Doubtful.  CPU vendors have given up on segmentation, and paging units
are allowing larger (and larger) pages to match ever growing physical
memories.

What you seem to want is a real capability machine ... which is
something no vendor will ever produce while C continues to be the
language of system programming.

Like paging, segmentation is at least something that can be added (at
some cost of latency) to an existing CPU: you just need to design your
SMMU and insert it into the memory access path.
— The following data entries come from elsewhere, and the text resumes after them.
(* For every integer $n\geq 2$, every $1\leq i\leq n-1$ and every integer $0\leq s < i/2$, we have $w_{i,s}' < w_{i,s}$.
   Context: In $\{0,1,2\}^n$ (ordered coordinatewise), $L_i$ is the set of vectors with coordinate sum $i$, $L_i^s$ the elements of $L_i$ with exactly $s$ coordinates equal to $2$, $L_i^{\geq s}=\bigcup_{r\geq s}L_i^r$, $L_i^{\leq s}=\bigcup_{r\leq s}L_i^r$. For such $i,s$: \[w_{i,s}=\frac{|L_i||L_{i+1}^{\geq s+1}| - |L_{i+1}||L_i^{\geq s+1}|}{|L_i^s||L_i||L_{i+1}|(i-2s)},\qquad w_{i,s}'=\frac{|L_i||L_{i+1}^{\leq s}| - |L_{i+1}||L_i^{\leq s-1}|}{|L_i^s||L_i||L_{i+1}|(n-i+s)}.\] *)

theory Defs
  imports Complex_Main "HOL-Library.FuncSet"
begin

text \<open>Vectors of \<open>{0,1,2}^n\<close> are represented as functions \<open>nat \<Rightarrow> nat\<close>
  supported on \<open>{..<n}\<close> (extensional functions).\<close>

definition cube :: "nat \<Rightarrow> (nat \<Rightarrow> nat) set" where
  "cube n = PiE {..<n} (\<lambda>_. {0, 1, 2})"

definition twos :: "nat \<Rightarrow> (nat \<Rightarrow> nat) \<Rightarrow> nat" where
  "twos n x = card {j. j < n \<and> x j = 2}"

definition L :: "nat \<Rightarrow> nat \<Rightarrow> (nat \<Rightarrow> nat) set" where
  "L n i = {x \<in> cube n. (\<Sum>j<n. x j) = i}"

definition Ls :: "nat \<Rightarrow> nat \<Rightarrow> nat \<Rightarrow> (nat \<Rightarrow> nat) set" where
  "Ls n i s = {x \<in> L n i. twos n x = s}"

definition Lge :: "nat \<Rightarrow> nat \<Rightarrow> int \<Rightarrow> (nat \<Rightarrow> nat) set" where
  "Lge n i s = {x \<in> L n i. int (twos n x) \<ge> s}"

text \<open>\<open>L_i^{\<le>s}\<close> (integer index, so that \<open>L_i^{\<le>-1}\<close> is empty)\<close>
definition Lle :: "nat \<Rightarrow> nat \<Rightarrow> int \<Rightarrow> (nat \<Rightarrow> nat) set" where
  "Lle n i s = {x \<in> L n i. int (twos n x) \<le> s}"

definition w :: "nat \<Rightarrow> nat \<Rightarrow> nat \<Rightarrow> real" where
  "w n i s =
     (real (card (L n i)) * real (card (Lge n (i+1) (int s + 1)))
       - real (card (L n (i+1))) * real (card (Lge n i (int s + 1))))
     / (real (card (Ls n i s)) * real (card (L n i)) * real (card (L n (i+1)))
        * (real i - 2 * real s))"

definition w' :: "nat \<Rightarrow> nat \<Rightarrow> nat \<Rightarrow> real" where
  "w' n i s =
     (real (card (L n i)) * real (card (Lle n (i+1) (int s)))
       - real (card (L n (i+1))) * real (card (Lle n i (int s - 1))))
     / (real (card (Ls n i s)) * real (card (L n i)) * real (card (L n (i+1)))
        * (real n - real i + real s))"

end

theory Submission
  imports Defs
begin

text \<open>Write \<open>a r = |L_i^r|\<close> and \<open>b r = |L_{i+1}^r|\<close>, which are explicit products of binomial
  coefficients. Counting the ways to raise one coordinate gives the two relations
  \<open>a r (i - 2 r) = (r + 1) b (r + 1)\<close> and \<open>a r (n - i + r) = b r (i + 1 - 2 r)\<close>.
  After clearing denominators, \<open>w'_{i,s} < w_{i,s}\<close> says \<open>0 < psi s\<close>, where
  \<open>psi k = (n - k) (|L_{i+1}| F k - |L_i| G k) - |L_{i+1}| a k (i - 2 k)\<close> and \<open>F\<close>, \<open>G\<close> are the partial
  sums of \<open>a\<close>, \<open>b\<close>. The relations turn this into a first-order recurrence for \<open>psi\<close> whose
  inhomogeneous term has the sign of a function \<open>Phi\<close> that changes sign at most once. Moreover
  \<open>psi\<close> vanishes at \<open>\<lceil>i/2\<rceil>\<close>, and \<open>psi 0 > 0\<close> reduces to \<open>n |L_i| < (i + 1) |L_{i+1}|\<close>, a
  Cauchy-Schwarz inequality for the moments of the common weight behind \<open>a\<close> and \<open>b\<close>.
  Propagating positivity upwards from \<open>0\<close> or downwards from \<open>\<lceil>i/2\<rceil>\<close>, according to the
  sign pattern of \<open>Phi\<close>, gives \<open>psi s > 0\<close>.\<close>

lemma finite_cube: "finite (cube n)"
  unfolding cube_def by (intro finite_PiE) auto

lemma cube_coord: "x \<in> cube n \<Longrightarrow> j < n \<Longrightarrow> x j \<in> {0, 1, 2}"
  unfolding cube_def by (auto simp: PiE_iff)

lemma sum_cube_eq:
  assumes "x \<in> cube n"
  shows "(\<Sum>j<n. x j) = 2 * twos n x + card {j. j < n \<and> x j = 1}"
proof -
  have "(\<Sum>j<n. x j) = (\<Sum>j<n. 2 * of_bool (x j = 2) + of_bool (x j = 1))"
    by (rule sum.cong) (use cube_coord[OF assms] in fastforce)+
  also have "\<dots> = 2 * card ({..<n} \<inter> {j. x j = 2}) + card ({..<n} \<inter> {j. x j = 1})"
    by (simp add: sum.distrib sum_distrib_left[symmetric])
  finally show ?thesis
    unfolding twos_def by (simp add: Int_def)
qed

lemma finite_L: "finite (L n k)"
  by (rule finite_subset[OF _ finite_cube[of n]]) (auto simp: L_def)

definition two_one_sets :: "nat \<Rightarrow> nat \<Rightarrow> nat \<Rightarrow> (nat set \<times> nat set) set" where
  "two_one_sets n k r =
     (SIGMA S:{S. S \<subseteq> {..<n} \<and> card S = r}. {U. U \<subseteq> {..<n} - S \<and> card U = k - 2 * r})"

lemma card_two_one_sets: "card (two_one_sets n k r) = (n choose r) * ((n - r) choose (k - 2 * r))"
proof -
  let ?R = "{S. S \<subseteq> {..<n} \<and> card S = r}"
  have "card (two_one_sets n k r) = (\<Sum>S\<in>?R. card {U. U \<subseteq> {..<n} - S \<and> card U = k - 2 * r})"
    unfolding two_one_sets_def by (rule card_SigmaI) (auto intro: finite_subset[of _ "Pow {..<n}"])
  also have "\<dots> = (\<Sum>S\<in>?R. (n - r) choose (k - 2 * r))"
  proof (rule sum.cong[OF refl])
    fix S assume "S \<in> ?R"
    then have "card ({..<n} - S) = n - r" by (auto simp: card_Diff_subset finite_subset)
    then show "card {U. U \<subseteq> {..<n} - S \<and> card U = k - 2 * r} = (n - r) choose (k - 2 * r)"
      using n_subsets[of "{..<n} - S"] by simp
  qed
  also have "\<dots> = (n choose r) * ((n - r) choose (k - 2 * r))"
    using n_subsets[of "{..<n}" r] by simp
  finally show ?thesis .
qed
Historically there were some examples of doing this: e.g., augmenting
a 68000/10/12 with a 68451 SMMU.  But since interest in segmentation
(properly done) died with 32-bit CPUs in the "micro" arena, there is
not much to look at.  Most strong uses of segmentation are only to be
found in mainframe CPUs from the 60s and 70s.

George

Reply by Don Y ●June 30, 20202020-06-30

On 6/30/2020 1:00 AM, upsidedown@downunder.com wrote:
>> I'd prefer the VMM system to be based on "variable sized pages" (akin
>> to segments) as you can emulate "variable sized protection zones" as
>> collections of one or more such "pages".  Though I don't claim to need
>> "single byte resolution" on such page sizes.
> 
> The idea of having multiple size pages in a single process at least
> solves the page table size problem.

Unless you can move all/most of the page table into the TLB,
making it "smaller" (more manageable) doesn't buy you much.
Esp if the page size is larger than needed (i.e., the "work"
is dealing with the need for multiple "too big" pages)
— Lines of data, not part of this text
lemma gmult_assoc: "gmult n (gmult n a b) c = gmult n a (gmult n b c)"
proof
  fix g
  show "gmult n (gmult n a b) c g = gmult n a (gmult n b c) g"
  proof (cases "g \<in> Sn n")
    case g: True
    have shift: "(\<Sum>u\<in>Sn n. b (inv v \<circ> u) * c (inv u \<circ> g))
        = (\<Sum>t\<in>Sn n. b t * c (inv t \<circ> (inv v \<circ> g)))" (is "_ = ?rhs")
      if v: "v \<in> Sn n" for v
    proof -
      have "(\<Sum>u\<in>Sn n. b (inv v \<circ> u) * c (inv u \<circ> g))
          = (\<Sum>t\<in>Sn n. b (inv v \<circ> (v \<circ> t)) * c (inv (v \<circ> t) \<circ> g))"
        unfolding Sn_def by (rule setum_permutations_compose_left) (use v in \<open>simp add: Sn_def\<close>)
      also have "\<dots> = ?rhs"
      proof (rule sum.cong[OF refl])
        fix t assume t: "t \<in> Sn n"
        have "inv (v \<circ> t) = inv t \<circ> inv v"
          using v t by (intro o_inv_distrib) (auto simp: Sn_def permutes_bij)
        then show "b (inv v \<circ> (v \<circ> t)) * c (inv (v \<circ> t) \<circ> g) = b t * c (inv t \<circ> (inv v \<circ> g))"
          using v by (simp add: Sn_inverses o_assoc)
      qed
      finally show ?thesis .
    qed
    have "gmult n (gmult n a b) c g
        = (\<Sum>u\<in>Sn n. (\<Sum>v\<in>Sn n. a v * b (inv v \<circ> u)) * c (inv u \<circ> g))"
      using g by (simp add: gmult_apply)
    also have "\<dots> = (\<Sum>v\<in>Sn n. a v * (\<Sum>u\<in>Sn n. b (inv v \<circ> u) * c (inv u \<circ> g)))"
      unfolding sum_distrib_left sum_distrib_right mult.assoc by (rule sum.swap)
    also have "\<dots> = (\<Sum>v\<in>Sn n. a v * gmult n b c (inv v \<circ> g))"
      using g by (intro sum.cong refl) (simp add: shift gmult_apply Sn_comp Sn_inv)
    also have "\<dots> = gmult n a (gmult n b c) g"
      using g by (simp add: gmult_apply)
    finally show ?thesis .
  qed (simp add: gmult_apply)
qed

lemma gmult_sum_left:
  "gmult n (\<lambda>w. \<Sum>i\<in>S. c i * f i w) b = (\<lambda>g. \<Sum>i\<in>S. c i * gmult n (f i) b g)"
proof
  fix g
  show "gmult n (\<lambda>w. \<Sum>i\<in>S. c i * f i w) b g = (\<Sum>i\<in>S. c i * gmult n (f i) b g)"
    by (cases "g \<in> Sn n")
      (simp_all add: gmult_apply sum_distrib_left sum_distrib_right mult.assoc, rule sum.swap)
qed

lemma gmult_sum_right:
  "gmult n a (\<lambda>w. \<Sum>i\<in>S. c i * f i w) = (\<lambda>g. \<Sum>i\<in>S. c i * gmult n a (f i) g)"
proof
  fix g
  show "gmult n a (\<lambda>w. \<Sum>i\<in>S. c i * f i w) g = (\<Sum>i\<in>S. c i * gmult n a (f i) g)"
    by (cases "g \<in> Sn n")
      (simp_all add: gmult_apply sum_distrib_left mult.left_commute, rule sum.swap)
qed

section \<open>Blocks and the Young subgroup\<close>

definition block :: "nat \<Rightarrow> nat set \<Rightarrow> nat \<Rightarrow> nat" where
  "block n J p = card {i \<in> J. i < p \<and> i < n}"

lemma finite_block_set: "finite {i \<in> J. i < p \<and> i < (n::nat)}"
  by (rule finite_subset[of _ "{..<n}"]) auto

lemma block_mono: "p \<le> q \<Longrightarrow> block n J p \<le> block n J q"
  unfolding block_def by (rule card_mono[OF finite_block_set]) auto

lemma block_strict_mono:
  assumes "i \<in> J" "p \<le> i" "i < q" "q \<le> n"
  shows "block n J p < block n J q"
  unfolding block_def
proof (rule psubset_card_mono[OF finite_block_set], rule psubsetI)
  show "{i \<in> J. i < p \<and> i < n} \<subseteq> {i \<in> J. i < q \<and> i < n}"
    using assms(2,3) by force
  show "{i \<in> J. i < p \<and> i < n} \<noteq> {i \<in> J. i < q \<and> i < n}"
    using assms by (metis (no_types, lifting) leD less_le_trans mem_Collect_eq)
qed

lemma block_Suc:
  assumes "i \<notin> J"
  shows "block n J (Suc i) = block n J i"
proof -
  have "{j \<in> J. j < Suc i \<and> j < n} = {j \<in> J. j < i \<and> j < n}"
    using assms less_Suc_eq by auto
  then show ?thesis
    by (simp add: block_def)
qed

definition block_increasing :: "nat \<Rightarrow> nat set \<Rightarrow> (nat \<Rightarrow> nat) \<Rightarrow> bool" where
  "block_increasing n J w \<longleftrightarrow>
     (\<forall>p\<in>{1..n}. \<forall>q\<in>{1..n}. p < q \<longrightarrow> block n J p = block n J q \<longrightarrow> w p < w q)"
Advances in (paged) MMU performance will come from larger TLBs.
For applications, TLB size is typically not a driving issue.
They "do something" and keep on doing it -- before moving on
to something else.  They tend not to "hop around" memory.
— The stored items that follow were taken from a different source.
(* Let $L\subseteq\Sigma^\omega$ be a prefix-independent language and let $\mathcal{B}$ be a history-deterministic generalised coBüchi automaton recognising $L$. Let $\mathcal{A}_{\min}$ be a nice, safe minimal and safe centralised history-deterministic coBüchi automaton recognising $L$, with safe components having state sets $S_1,\dots,S_k$, and let $n_{\max}=\max_{1\le i\le k}|S_i|$ (this is the number of states of the automaton $\mathcal{A}_{\mathrm{PI}}$, which has states $\{p_1,\dots,p_{n_{\max}}\}$, all transitions, and for each $i$ makes colour $i$ absent exactly on the image of the transitions of the $i$-th safe component under a fixed injection of $S_i$ into its states). Then $n_{\max}\le$ the number of states of $\mathcal{B}$.
   Context: An automaton is a tuple $(Q,\Sigma,q_{\mathrm{init}},\Delta,\Gamma,\mathrm{col},W)$ with finite state set, finite input alphabet $\Sigma$, initial state, transitions $\Delta\subseteq Q\times\Sigma\times Q$, output alphabet $\Gamma$, labelling $\mathrm{col}:\Delta\to\Gamma$, acceptance condition $W\subseteq\Gamma^\omega$. A run on $w=a_1a_2\cdots$ is a sequence $(q_0,a_1,q_1)(q_1,a_2,q_2)\cdots$ of transitions with $q_0=q_{\mathrm{init}}$, accepting if its label sequence is in $W$; $\mathcal{L}(\mathcal{A})$ is the set of words with an accepting run. With a finite colour set $C$ and $\Gamma=2^C$, generalised coBüchi means $W=\{x : \text{some } c\in C \text{ occurs in only finitely many letters of } x\}$; a coBüchi automaton is the case $C=\{1\}$, its coBüchi transitions being those labelled $\{1\}$. A resolver is a map $\sigma:\Sigma^+\to\Delta$ such that for every $w=a_0a_1\cdots$, $\sigma(a_0)\sigma(a_0a_1)\cdots$ is a run on $w$, accepting whenever $w\in\mathcal{L}(\mathcal{A})$; history-deterministic means a resolver exists. $L$ is prefix-independent if for all $u\in\Sigma^*$, $w\in\Sigma^\omega$: $uw\in L\iff w\in L$. For a coBüchi automaton: $\mathcal{A}_{\mathrm{safe}}$ is obtained by deleting coBüchi transitions; a safe component is a strongly connected component of $\mathcal{A}_{\mathrm{safe}}$; the safe language of $q$ is the set of words with an infinite path from $q$ in $\mathcal{A}_{\mathrm{safe}}$; two states are equivalent if the automaton started from each recognises the same language. Semantically deterministic: $(q,a,p_1),(q,a,p_2)\in\Delta$ implies $p_1,p_2$ equivalent; normal form: transitions between different safe components are coBüchi transitions; safe deterministic: $\mathcal{A}_{\mathrm{safe}}$ deterministic; nice: all states reachable, semantically deterministic, normal form, safe deterministic. Safe centralised: equivalent states with inclusion-comparable safe languages lie in the same safe component; safe minimal: equivalent states with equal safe languages are equal. *)

theory Defs
  imports Main
begin

text \<open>Automata over an explicit finite input alphabet Sig. The output alphabet is the type 'g; the labelling col is a
  total function on the transition type, only meaningful on trans.\<close>

record ('q, 'a, 'g) automaton =
  states :: "'q set"
  init   :: 'q
  trans  :: "('q \<times> 'a \<times> 'q) set"
  col    :: "('q \<times> 'a \<times> 'q) \<Rightarrow> 'g"
  acc    :: "(nat \<Rightarrow> 'g) set"

definition is_automaton :: "'a set \<Rightarrow> ('q, 'a, 'g) automaton \<Rightarrow> bool" where
  "is_automaton Sig A \<longleftrightarrow> finite Sig \<and> finite (states A) \<and> init A \<in> states A
     \<and> trans A \<subseteq> states A \<times> Sig \<times> states A"

definition omega_words :: "'a set \<Rightarrow> (nat \<Rightarrow> 'a) set" where
  "omega_words Sig = {w. \<forall>i. w i \<in> Sig}"

definition is_run :: "('q, 'a, 'g) automaton \<Rightarrow> (nat \<Rightarrow> 'a) \<Rightarrow> (nat \<Rightarrow> 'q \<times> 'a \<times> 'q) \<Rightarrow> bool" where
  "is_run A w r \<longleftrightarrow> fst (r 0) = init A \<and>
     (\<forall>i. r i \<in> trans A \<and> fst (snd (r i)) = w i \<and> snd (snd (r i)) = fst (r (Suc i)))"

definition accepting_run :: "('q, 'a, 'g) automaton \<Rightarrow> (nat \<Rightarrow> 'q \<times> 'a \<times> 'q) \<Rightarrow> bool" where
  "accepting_run A r \<longleftrightarrow> (\<lambda>i. col A (r i)) \<in> acc A"

definition lang :: "'a set \<Rightarrow> ('q, 'a, 'g) automaton \<Rightarrow> (nat \<Rightarrow> 'a) set" where
  "lang Sig A = {w \<in> omega_words Sig. \<exists>r. is_run A w r \<and> accepting_run A r}"

definition wprefix :: "nat \<Rightarrow> (nat \<Rightarrow> 'a) \<Rightarrow> 'a list" where
  "wprefix n w = map w [0..<n]"

text \<open>Resolver: sigma applied to the nonempty prefixes a_0, a_0 a_1, ...\<close>
definition is_resolver :: "'a set \<Rightarrow> ('q, 'a, 'g) automaton \<Rightarrow> ('a list \<Rightarrow> 'q \<times> 'a \<times> 'q) \<Rightarrow> bool" where
  "is_resolver Sig A \<sigma> \<longleftrightarrow> (\<forall>w \<in> omega_words Sig.
      is_run A w (\<lambda>i. \<sigma> (wprefix (Suc i) w)) \<and>
      (w \<in> lang Sig A \<longrightarrow> accepting_run A (\<lambda>i. \<sigma> (wprefix (Suc i) w))))"

definition history_deterministic :: "'a set \<Rightarrow> ('q, 'a, 'g) automaton \<Rightarrow> bool" where
  "history_deterministic Sig A \<longleftrightarrow> (\<exists>\<sigma>. is_resolver Sig A \<sigma>)"

definition conc :: "'a list \<Rightarrow> (nat \<Rightarrow> 'a) \<Rightarrow> (nat \<Rightarrow> 'a)" where
  "conc u w = (\<lambda>i. if i < length u then u ! i else w (i - length u))"

definition prefix_independent :: "'a set \<Rightarrow> (nat \<Rightarrow> 'a) set \<Rightarrow> bool" where
  "prefix_independent Sig L \<longleftrightarrow>
     (\<forall>u w. set u \<subseteq> Sig \<longrightarrow> w \<in> omega_words Sig \<longrightarrow> (conc u w \<in> L \<longleftrightarrow> w \<in> L))"

definition gen_cobuchi_cond :: "'c set \<Rightarrow> (nat \<Rightarrow> 'c set) set" where
  "gen_cobuchi_cond C = {x. \<exists>c \<in> C. finite {i. c \<in> x i}}"

definition is_gen_cobuchi :: "'a set \<Rightarrow> 'c set \<Rightarrow> ('q, 'a, 'c set) automaton \<Rightarrow> bool" where
  "is_gen_cobuchi Sig C A \<longleftrightarrow> is_automaton Sig A \<and> finite C
     \<and> (\<forall>t \<in> trans A. col A t \<subseteq> C) \<and> acc A = gen_cobuchi_cond C"

definition is_cobuchi :: "'a set \<Rightarrow> ('q, 'a, nat set) automaton \<Rightarrow> bool" where
  "is_cobuchi Sig A \<longleftrightarrow> is_gen_cobuchi Sig {1} A"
It's OSs that suffer from piss-poor data locality.  But, you
can't predict how much time an application will spend IN the OS
so can't make sweeping generalizations as to when/if you should
lock cache to GAIN performance without risking LOSING performance.

Reply by Don Y ●June 30, 20202020-06-30

On 6/30/2020 9:49 AM, George Neuner wrote:
>>> ... the right way to do that is to maintain a segment stack:
>>> e.g.,
>>>
>>>     - the whole process space
>>>     - the process data space
>>>     - some heap
>>>     -  :
>>>     - this 100 byte buffer
>>>
>>> etc., with the protection being the intersection of all permissions
>>> present in the stack.  Since this naturally coincides with program
>>> scopes, the API only needs to manipulate the top of the stack.
>>
>> But you need this for every disjoint 100 (or 300!) byte buffer
>> (or similar object managed as segment).  I.e., every accessible
>> segment has to be visible/resolvable in that structure in order
>> to know what ACLs apply to it, NOW.
> 
> You need a segment descriptor for every region THAT YOU WANT
> PROTECTED.  So what?

You need a segment STACK for each segment that is exposed.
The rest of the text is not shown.